lemma infsum_scaled_edge_energies_finite:
  assumes "conductance C E" "\<And>k. energy C E (d k) \<le> ennreal ((1/16)^k)"
  shows "(\<Sum>\<^sub>\<infinity>(u,v)\<in>{(u,v). E u v}. ennreal (\<Sum>k. 4^k * (C u v * (d k u - d k v)^2))) < top"
proof -
  define a where "a k e = (case e of (u,v) \<Rightarrow> 4^k * (C u v * (d k u - d k v)^2))" for k e
  have a_nonneg: "0 \<le> a k e" if "e \<in> {(u,v). E u v}" for k e
    using that assms(1) unfolding a_def conductance_def by (fastforce intro: less_imp_le)
  have summable_a: "summable (\<lambda>k. a k e)" if "e \<in> {(u,v). E u v}" for e
    using that summable_scaled_edge_energy[OF assms] unfolding a_def by auto
  have "(\<Sum>\<^sub>\<infinity>e\<in>{(u,v). E u v}. ennreal (\<Sum>k. a k e)) \<le> ennreal (\<Sum>k. 2 * (1/4::real)^k)"
  proof (rule infsum_le_finite_sums)
    fix F assume F: "finite F" "F \<subseteq> {(u,v). E u v}"
    have "(\<Sum>e\<in>F. ennreal (\<Sum>k. a k e)) = ennreal (\<Sum>e\<in>F. \<Sum>k. a k e)"
      using F a_nonneg summable_a by (intro sum_ennreal suminf_nonneg) auto
    also have "(\<Sum>e\<in>F. \<Sum>k. a k e) = (\<Sum>k. \<Sum>e\<in>F. a k e)"
      using F summable_a by (intro suminf_sum[symmetric]) auto
    also have "\<dots> \<le> (\<Sum>k. 2 * (1/4)^k)"
    proof (rule suminf_le)
      show "(\<Sum>e\<in>F. a k e) \<le> 2 * (1/4)^k" for k
        using sum_scaled_edge_energies_le[OF assms F] unfolding a_def by (simp add: case_prod_beta)
      show "summable (\<lambda>k. \<Sum>e\<in>F. a k e)"
        using F summable_a by (intro summable_sum) auto
      show "summable (\<lambda>k. 2 * (1/4::real)^k)"
        by (intro summable_mult summable_geometric) simp
    qed
    finally show "(\<Sum>e\<in>F. ennreal (\<Sum>k. a k e)) \<le> ennreal (\<Sum>k. 2 * (1/4)^k)"
      by (simp add: ennreal_leI)
  qed (simp add: nonneg_summable_on_complete)
  then show ?thesis
    unfolding a_def case_prod_unfold by (rule le_less_trans) simp
qed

───

> THE TASK: Return exactly, and only, the lines above starting at the line that contains "fix F assume" and ending at the line that contains "proof (rule suminf_le)".

> FINISHED TASK:
    fix F assume F: "finite F" "F \<subseteq> {(u,v). E u v}"
    have "(\<Sum>e\<in>F. ennreal (\<Sum>k. a k e)) = ennreal (\<Sum>e\<in>F. \<Sum>k. a k e)"
      using F a_nonneg summable_a by (intro sum_ennreal suminf_nonneg) auto
    also have "(\<Sum>e\<in>F. \<Sum>k. a k e) = (\<Sum>k. \<Sum>e\<in>F. a k e)"
      using F summable_a by (intro suminf_sum[symmetric]) auto
    also have "\<dots> \<le> (\<Sum>k. 2 * (1/4)^k)"
    proof (rule suminf_le)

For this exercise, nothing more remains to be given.